◆ What the task requires ◆
Identify all lines in the data containing the string "definition". Copy them out.
--- Data shown ---
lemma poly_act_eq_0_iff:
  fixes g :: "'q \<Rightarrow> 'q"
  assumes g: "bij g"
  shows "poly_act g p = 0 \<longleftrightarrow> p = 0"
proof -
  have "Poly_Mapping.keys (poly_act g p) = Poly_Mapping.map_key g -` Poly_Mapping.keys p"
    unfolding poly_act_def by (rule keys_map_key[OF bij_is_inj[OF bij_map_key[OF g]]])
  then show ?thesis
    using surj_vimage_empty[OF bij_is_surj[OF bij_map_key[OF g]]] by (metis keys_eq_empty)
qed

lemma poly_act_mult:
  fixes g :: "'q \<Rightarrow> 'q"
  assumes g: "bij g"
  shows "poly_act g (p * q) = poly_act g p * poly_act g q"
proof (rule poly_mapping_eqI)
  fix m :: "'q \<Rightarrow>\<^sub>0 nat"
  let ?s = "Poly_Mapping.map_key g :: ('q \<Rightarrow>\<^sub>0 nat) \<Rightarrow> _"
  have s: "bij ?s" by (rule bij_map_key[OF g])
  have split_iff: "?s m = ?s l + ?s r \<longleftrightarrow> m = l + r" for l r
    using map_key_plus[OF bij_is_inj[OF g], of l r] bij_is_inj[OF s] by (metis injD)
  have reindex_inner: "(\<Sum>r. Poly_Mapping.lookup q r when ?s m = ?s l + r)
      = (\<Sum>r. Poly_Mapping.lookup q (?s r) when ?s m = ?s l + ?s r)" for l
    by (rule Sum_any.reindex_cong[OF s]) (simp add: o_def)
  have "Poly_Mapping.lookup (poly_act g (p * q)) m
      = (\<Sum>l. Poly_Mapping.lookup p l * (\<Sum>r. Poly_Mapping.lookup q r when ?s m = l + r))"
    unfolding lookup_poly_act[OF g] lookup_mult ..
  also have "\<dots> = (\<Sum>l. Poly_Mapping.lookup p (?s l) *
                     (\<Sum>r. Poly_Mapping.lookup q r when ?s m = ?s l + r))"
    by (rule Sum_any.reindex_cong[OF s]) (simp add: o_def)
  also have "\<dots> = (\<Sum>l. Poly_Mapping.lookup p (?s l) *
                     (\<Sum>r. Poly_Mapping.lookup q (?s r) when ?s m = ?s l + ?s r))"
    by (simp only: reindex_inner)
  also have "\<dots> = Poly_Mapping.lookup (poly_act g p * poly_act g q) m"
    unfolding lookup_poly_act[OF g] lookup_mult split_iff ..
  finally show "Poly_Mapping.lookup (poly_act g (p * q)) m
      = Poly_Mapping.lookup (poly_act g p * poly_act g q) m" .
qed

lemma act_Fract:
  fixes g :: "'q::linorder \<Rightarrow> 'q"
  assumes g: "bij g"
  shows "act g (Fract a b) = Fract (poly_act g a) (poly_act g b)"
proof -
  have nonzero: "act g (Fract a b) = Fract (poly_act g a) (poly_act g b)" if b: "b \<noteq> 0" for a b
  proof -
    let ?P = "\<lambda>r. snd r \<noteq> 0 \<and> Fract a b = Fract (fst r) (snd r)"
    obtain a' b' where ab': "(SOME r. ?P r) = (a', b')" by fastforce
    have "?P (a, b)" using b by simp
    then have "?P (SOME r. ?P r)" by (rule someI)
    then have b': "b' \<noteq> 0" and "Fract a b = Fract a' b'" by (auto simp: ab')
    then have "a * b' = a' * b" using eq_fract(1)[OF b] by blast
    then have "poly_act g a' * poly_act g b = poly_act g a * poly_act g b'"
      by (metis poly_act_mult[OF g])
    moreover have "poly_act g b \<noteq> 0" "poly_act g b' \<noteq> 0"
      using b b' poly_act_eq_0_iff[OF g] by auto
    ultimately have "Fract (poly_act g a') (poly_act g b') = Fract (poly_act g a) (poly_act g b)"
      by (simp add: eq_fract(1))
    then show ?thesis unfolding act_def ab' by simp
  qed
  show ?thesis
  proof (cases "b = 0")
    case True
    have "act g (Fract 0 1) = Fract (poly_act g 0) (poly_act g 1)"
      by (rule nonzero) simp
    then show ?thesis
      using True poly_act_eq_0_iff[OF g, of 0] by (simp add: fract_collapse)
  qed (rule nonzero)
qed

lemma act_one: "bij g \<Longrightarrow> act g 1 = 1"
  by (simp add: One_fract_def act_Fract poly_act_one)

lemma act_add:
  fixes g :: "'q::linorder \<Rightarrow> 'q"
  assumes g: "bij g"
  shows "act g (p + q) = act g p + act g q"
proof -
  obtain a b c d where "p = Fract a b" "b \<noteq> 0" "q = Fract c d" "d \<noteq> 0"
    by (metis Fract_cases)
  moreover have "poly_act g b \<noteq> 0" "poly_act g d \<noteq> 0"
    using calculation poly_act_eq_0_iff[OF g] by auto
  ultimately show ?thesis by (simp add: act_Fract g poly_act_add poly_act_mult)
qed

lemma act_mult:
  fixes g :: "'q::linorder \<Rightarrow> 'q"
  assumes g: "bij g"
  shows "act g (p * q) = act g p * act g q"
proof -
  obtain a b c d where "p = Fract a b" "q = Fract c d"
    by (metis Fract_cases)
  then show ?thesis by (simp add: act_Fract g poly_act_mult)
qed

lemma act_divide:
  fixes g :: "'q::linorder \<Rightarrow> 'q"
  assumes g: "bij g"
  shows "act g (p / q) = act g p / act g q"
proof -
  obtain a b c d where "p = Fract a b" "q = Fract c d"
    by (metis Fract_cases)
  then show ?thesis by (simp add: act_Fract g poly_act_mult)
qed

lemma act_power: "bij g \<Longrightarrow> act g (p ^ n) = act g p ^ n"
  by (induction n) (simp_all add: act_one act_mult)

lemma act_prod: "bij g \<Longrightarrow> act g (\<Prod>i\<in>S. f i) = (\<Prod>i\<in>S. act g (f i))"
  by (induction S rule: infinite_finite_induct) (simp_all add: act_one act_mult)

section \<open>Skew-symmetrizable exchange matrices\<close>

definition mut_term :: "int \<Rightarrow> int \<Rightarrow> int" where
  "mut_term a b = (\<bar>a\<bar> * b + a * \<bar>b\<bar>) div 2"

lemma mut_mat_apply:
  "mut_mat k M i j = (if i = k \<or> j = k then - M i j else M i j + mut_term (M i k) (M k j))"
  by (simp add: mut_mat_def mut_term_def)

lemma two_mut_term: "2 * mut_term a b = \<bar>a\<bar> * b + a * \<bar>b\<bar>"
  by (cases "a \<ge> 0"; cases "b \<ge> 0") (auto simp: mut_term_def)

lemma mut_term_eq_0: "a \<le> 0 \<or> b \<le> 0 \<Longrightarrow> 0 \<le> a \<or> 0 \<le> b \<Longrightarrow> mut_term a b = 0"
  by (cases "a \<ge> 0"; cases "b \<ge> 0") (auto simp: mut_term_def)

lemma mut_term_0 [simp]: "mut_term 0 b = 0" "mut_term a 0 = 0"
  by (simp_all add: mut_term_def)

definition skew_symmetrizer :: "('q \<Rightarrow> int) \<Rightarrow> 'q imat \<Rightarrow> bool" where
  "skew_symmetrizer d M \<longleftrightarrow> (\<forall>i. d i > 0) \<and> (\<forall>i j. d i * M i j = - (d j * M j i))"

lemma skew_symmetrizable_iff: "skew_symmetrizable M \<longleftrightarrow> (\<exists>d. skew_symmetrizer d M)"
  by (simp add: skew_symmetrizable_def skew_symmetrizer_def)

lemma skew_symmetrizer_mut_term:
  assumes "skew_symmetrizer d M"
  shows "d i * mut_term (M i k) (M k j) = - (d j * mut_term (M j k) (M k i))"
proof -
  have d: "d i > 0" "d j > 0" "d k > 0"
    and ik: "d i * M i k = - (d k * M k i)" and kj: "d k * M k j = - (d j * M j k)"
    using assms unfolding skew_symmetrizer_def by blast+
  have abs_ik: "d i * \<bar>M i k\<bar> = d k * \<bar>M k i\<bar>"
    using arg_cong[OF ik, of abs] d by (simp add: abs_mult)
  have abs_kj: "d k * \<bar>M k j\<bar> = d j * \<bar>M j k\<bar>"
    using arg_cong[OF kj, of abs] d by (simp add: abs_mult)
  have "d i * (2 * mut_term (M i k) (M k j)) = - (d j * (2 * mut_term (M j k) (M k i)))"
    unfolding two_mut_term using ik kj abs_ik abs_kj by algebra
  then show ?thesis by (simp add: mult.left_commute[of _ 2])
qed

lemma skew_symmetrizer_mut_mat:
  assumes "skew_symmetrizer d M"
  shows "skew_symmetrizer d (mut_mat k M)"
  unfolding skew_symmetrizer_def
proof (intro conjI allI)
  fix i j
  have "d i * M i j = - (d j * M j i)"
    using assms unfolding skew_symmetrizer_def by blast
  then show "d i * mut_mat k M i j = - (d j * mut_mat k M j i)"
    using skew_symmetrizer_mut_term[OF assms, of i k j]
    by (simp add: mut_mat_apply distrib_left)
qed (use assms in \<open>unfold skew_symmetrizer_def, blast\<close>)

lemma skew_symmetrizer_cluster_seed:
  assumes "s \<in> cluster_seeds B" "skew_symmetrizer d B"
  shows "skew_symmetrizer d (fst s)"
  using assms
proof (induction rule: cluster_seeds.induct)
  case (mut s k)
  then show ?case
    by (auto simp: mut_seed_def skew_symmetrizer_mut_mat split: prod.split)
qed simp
---
◆ Response below ◆
definition mut_term :: "int \<Rightarrow> int \<Rightarrow> int" where
definition skew_symmetrizer :: "('q \<Rightarrow> int) \<Rightarrow> 'q imat \<Rightarrow> bool" where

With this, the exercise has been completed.